A three dimensional potential energy surface for the F+H2→HF+H reaction has been computed using the internally contracted multireference configuration interaction (MRCI) method with complete active space self-consistent field (CASSCF) reference functions and a very large basis set. Calibration calculations have been performed using the triple-zeta plus polarization basis set employed in previous nine-electron full CI (FCI) calculations of Knowles, Stark, and Werner [Chem. Phys. Lett. 185, 555 (1991)]. While all variational MRCI wave functions yield considerably larger barrier heights than the FCI, excellent agreement with the FCI barrier height and the exothermicity was obtained when the Davidson correction was applied (MRCI+Q). The convergence of the barrier height and exothermicity, spectroscopic constants of the HF and H2 fragments, and the electron affinity of the fluorine atom with respect to the basis set has been carefully tested.
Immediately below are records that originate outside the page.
lemma ccs_trans_Tau_red: "ccs_trans P Tau P' \<Longrightarrow> red P P'"
proof (induction P "Tau" P' rule: ccs_trans.induct)
  case (t_pref P)
  show ?case
    by (rule red_struct[OF sc_sum[OF ss_sym[OF ss_zero]] red_tau sc_refl])
next
  case (t_sumL M P' N)
  then obtain K where "scong_sm (Plus M N) (Plus (Pref Tau P') K)"
    using ccs_trans_Sum_summand[of "Plus M N"] by auto
  then show ?case by (rule red_struct[OF sc_sum red_tau sc_refl])
next
  case (t_sumR N P' M)
  then obtain K where "scong_sm (Plus M N) (Plus (Pref Tau P') K)"
    using ccs_trans_Sum_summand[of "Plus M N"] by auto
  then show ?case by (rule red_struct[OF sc_sum red_tau sc_refl])
next
  case (t_parR Q Q' P)
  then have "red Q Q'" by simp
  then show ?case by (rule red_struct[OF sc_par_comm red_par sc_par_comm])
next
  case (t_comL P a P' Q Q')
  then show ?case by (rule communication_red)
next
  case (t_comR P a P' Q Q')
  show ?case by (rule red_struct[OF sc_par_comm communication_red[OF t_comR.hyps(2,1)] sc_par_comm])
qed (auto intro: red_par red_res)
lemma holo_on_lin_form_power: "holo_on (\<lambda>z. lin_form a z ^ k) UNIV"
  unfolding holo_on_def
proof (intro conjI ballI open_UNIV exI)
  fix z
  have "((\<lambda>w. w ^ k) has_derivative (*) (of_nat k * lin_form a z ^ (k - 1))) (at (lin_form a z))"
    by (auto intro!: derivative_eq_intros has_field_derivative_imp_has_derivative)
  from has_derivative_compose[OF has_derivative_lin_form this]
  show "((\<lambda>z. lin_form a z ^ k) has_derivative (\<lambda>v. of_nat k * lin_form a z ^ (k - 1) * lin_form a v)) (at z)" .
  show "\<forall>(c::complex) v. of_nat k * lin_form a z ^ (k - 1) * lin_form a (c *s v) =
      c * (of_nat k * lin_form a z ^ (k - 1) * lin_form a v)"
    by (simp add: lin_form_scale)
qed

lemma gen_mean_lin_form_power_at_0:
  "gen_mean M h (\<lambda>z. lin_form a z ^ k) 0 t = t ^ k * (\<integral>y. complex_of_real (a \<bullet> y) ^ k * h y \<partial>M)"
  by (simp add: gen_mean_def lin_form_cvec power_mult_distrib mult.assoc)

lemma moment_eq_if_gen_mean_series:
  fixes c :: "('n::finite \<Rightarrow> nat) \<Rightarrow> complex" and M :: "(real ^ 'n) measure"
  assumes "homog_poly p c" and "p > 0"
    and series: "\<forall>\<phi> U. 0 \<in> U \<longrightarrow> holo_on \<phi> U \<longrightarrow>
      (\<exists>\<epsilon>>0. \<forall>z t. norm z < \<epsilon> \<longrightarrow> norm t < \<epsilon> \<longrightarrow>
        (\<lambda>j. ((Pop c ^^ j) \<phi> z / complex_of_real (m j)) * t ^ (p * j)) sums gen_mean M h \<phi> z t)"
  shows "(\<integral>y. complex_of_real (a \<bullet> y) ^ k * h y \<partial>M) =
    (if p dvd k then Psym c a ^ (k div p) * fact k / complex_of_real (m (k div p)) else 0)"
proof -
  obtain \<epsilon> where "\<epsilon> > 0" and sums_mean: "\<forall>z t. norm z < \<epsilon> \<longrightarrow> norm t < \<epsilon> \<longrightarrow>
      (\<lambda>j. ((Pop c ^^ j) (\<lambda>z. lin_form a z ^ k) z / complex_of_real (m j)) * t ^ (p * j))
        sums gen_mean M h (\<lambda>z. lin_form a z ^ k) z t"
    using series[rule_format, OF UNIV_I holo_on_lin_form_power] by blast
  define t where "t = complex_of_real (\<epsilon> / 2)"
  have "t \<noteq> 0" and "norm t < \<epsilon>"
    using \<open>\<epsilon> > 0\<close> by (auto simp: t_def)
  have "(\<lambda>j. ((Pop c ^^ j) (\<lambda>z. lin_form a z ^ k) 0 / complex_of_real (m j)) * t ^ (p * j)) =
      (\<lambda>j. if j = k div p \<and> p dvd k then Psym c a ^ j * fact k / complex_of_real (m j) * t ^ k else 0)"
  proof
    fix j
    have "p * j = k \<longleftrightarrow> j = k div p \<and> p dvd k"
      using \<open>p > 0\<close> by auto
    then show "((Pop c ^^ j) (\<lambda>z. lin_form a z ^ k) 0 / complex_of_real (m j)) * t ^ (p * j) =
        (if j = k div p \<and> p dvd k then Psym c a ^ j * fact k / complex_of_real (m j) * t ^ k else 0)"
      by (auto simp: funpow_Pop_lin_form_power_at_0[OF assms(1)])
  qed
  then have "(\<lambda>j. ((Pop c ^^ j) (\<lambda>z. lin_form a z ^ k) 0 / complex_of_real (m j)) * t ^ (p * j)) sums
      ((if p dvd k then Psym c a ^ (k div p) * fact k / complex_of_real (m (k div p)) else 0) * t ^ k)"
    using sums_single[of "k div p" "\<lambda>j. Psym c a ^ j * fact k / complex_of_real (m j) * t ^ k"]
    by (cases "p dvd k") auto
  with sums_mean[rule_format, of 0 t] \<open>\<epsilon> > 0\<close> \<open>norm t < \<epsilon>\<close> \<open>t \<noteq> 0\<close> show ?thesis
    by (simp add: gen_mean_lin_form_power_at_0 sums_iff)
qed

lemma Psym_eq_0_if_gen_mean_series:
  fixes c :: "('n::finite \<Rightarrow> nat) \<Rightarrow> complex" and M :: "(real ^ 'n) measure"
  assumes "p > 2" and "homog_poly p c" and "order_fun p m"
    and sets: "sets M = sets borel" and support: "compact K" "emeasure M (UNIV - K) = 0"
    and h: "integrable M h"
    and series: "\<forall>\<phi> U. 0 \<in> U \<longrightarrow> holo_on \<phi> U \<longrightarrow>
      (\<exists>\<epsilon>>0. \<forall>z t. norm z < \<epsilon> \<longrightarrow> norm t < \<epsilon> \<longrightarrow>
        (\<lambda>j. ((Pop c ^^ j) \<phi> z / complex_of_real (m j)) * t ^ (p * j)) sums gen_mean M h \<phi> z t)"
  shows "Psym c a = 0"
proof -
  have moment: "(\<integral>y. complex_of_real (a \<bullet> y) ^ k * h y \<partial>M) =
      (if p dvd k then Psym c a ^ (k div p) * fact k / complex_of_real (m (k div p)) else 0)" for k
    using assms(1) by (intro moment_eq_if_gen_mean_series[OF assms(2) _ series]) auto
  obtain R where R: "AE y in M. \<bar>a \<bullet> y\<bar> \<le> R"
    using AE_abs_inner_le_if_compact_support[OF sets support] .
  have meas: "(\<lambda>y. a \<bullet> y) \<in> borel_measurable M"
    unfolding measurable_cong_sets[OF sets refl] by measurable
  have vanish: "(\<integral>y. complex_of_real (a \<bullet> y) ^ (p * i + 2) * h y \<partial>M) = 0" for i
  proof -
    have "\<not> p dvd p * i + 2"
    proof
      assume "p dvd p * i + 2"
      then have "p dvd 2"
        by (simp only: dvd_add_right_iff[OF dvd_triv_left])
      with assms(1) show False
        by (auto dest: dvd_imp_le)
    qed
    then show ?thesis
      by (simp only: moment if_False)
  qed
  have "(\<integral>y. complex_of_real (a \<bullet> y) ^ p * h y \<partial>M) = 0"
    using assms(1) by (intro integral_power_mult_eq_0[OF h meas R _ vanish]) simp
  with moment[of p] assms(1) have "Psym c a * fact p / complex_of_real (m 1) = 0"
    by simp
  with order_fun_pos[OF assms(3), of 1] show "Psym c a = 0"
    by simp
qed

theorem theorem3:
  fixes c :: "('n::finite \<Rightarrow> nat) \<Rightarrow> complex" and p :: nat and m :: "nat \<Rightarrow> real"
  assumes "p > 2" and "homog_poly p c" and "order_fun p m"
  shows "\<not> (\<exists>(M :: (real ^ 'n) measure) (h :: real ^ 'n \<Rightarrow> complex).
            finite_measure M \<and> sets M = sets borel \<and>
            (\<exists>K. compact K \<and> emeasure M (UNIV - K) = 0) \<and>
            integrable M h \<and>
            (\<forall>\<phi> U. 0 \<in> U \<longrightarrow> holo_on \<phi> U \<longrightarrow>
               (\<exists>\<epsilon>>0. \<forall>z t. norm z < \<epsilon> \<longrightarrow> norm t < \<epsilon> \<longrightarrow>
                  (\<lambda>j. ((Pop c ^^ j) \<phi> z / complex_of_real (m j)) * t ^ (p * j))
                    sums gen_mean M h \<phi> z t)))"
proof -
  obtain a where "Psym c a \<noteq> 0"
    using assms(2) Psym_nonzero unfolding homog_poly_def by blast
  then show ?thesis
    using Psym_eq_0_if_gen_mean_series[OF assms] by blast
qed

end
Using the largest basis sets, which included 5d, 4f, 3g, and 2h functions on fluorine, a linear barrier height of 1.84 kcal/mol and an exothermicity of 31.77 kcal/mol (exp. 31.73 kcal/mol) was obtained. The true saddle point has a bent structure and the barrier height is predicted to be (1.45±0.25) kcal/mol. About 700 points on the three-dimensional potential energy surface have been computed using a slightly smaller basis set, which yield F–HH barrier heights of 1.92 kcal/mol (linear), 1.54 kcal/mol (bent), and an exothermicity of 31.3 kcal/mol. The barrier height for the H+FH→HF+H exchange reaction is predicted to be 41.2 kcal/mol. In the entrance channel cuts through the three potentials correlating with F(2P3/2,1/2)+H2(1Σ+g) have been computed, and the effect of spin–orbit coupling is investigated. It is found that the spin–orbit coupling increases the barrier height relative to the asymptotic F(2P3/2)+H2(1Σ+g) ground state by about 0.35 kcal/mol, leading to final estimates for the effective collinear and bent barriers of (2.18±0.25) kcal/mol and (1.80±0.25) kcal/mol, respectively. An accurate global analytical fit of the potential (without the effect of spin–orbit coupling) has been obtained using the method of Aguado and Paniagua. Our new ab initio potential is compared to various potentials used so far in dynamics calculations for the F+H2 reaction.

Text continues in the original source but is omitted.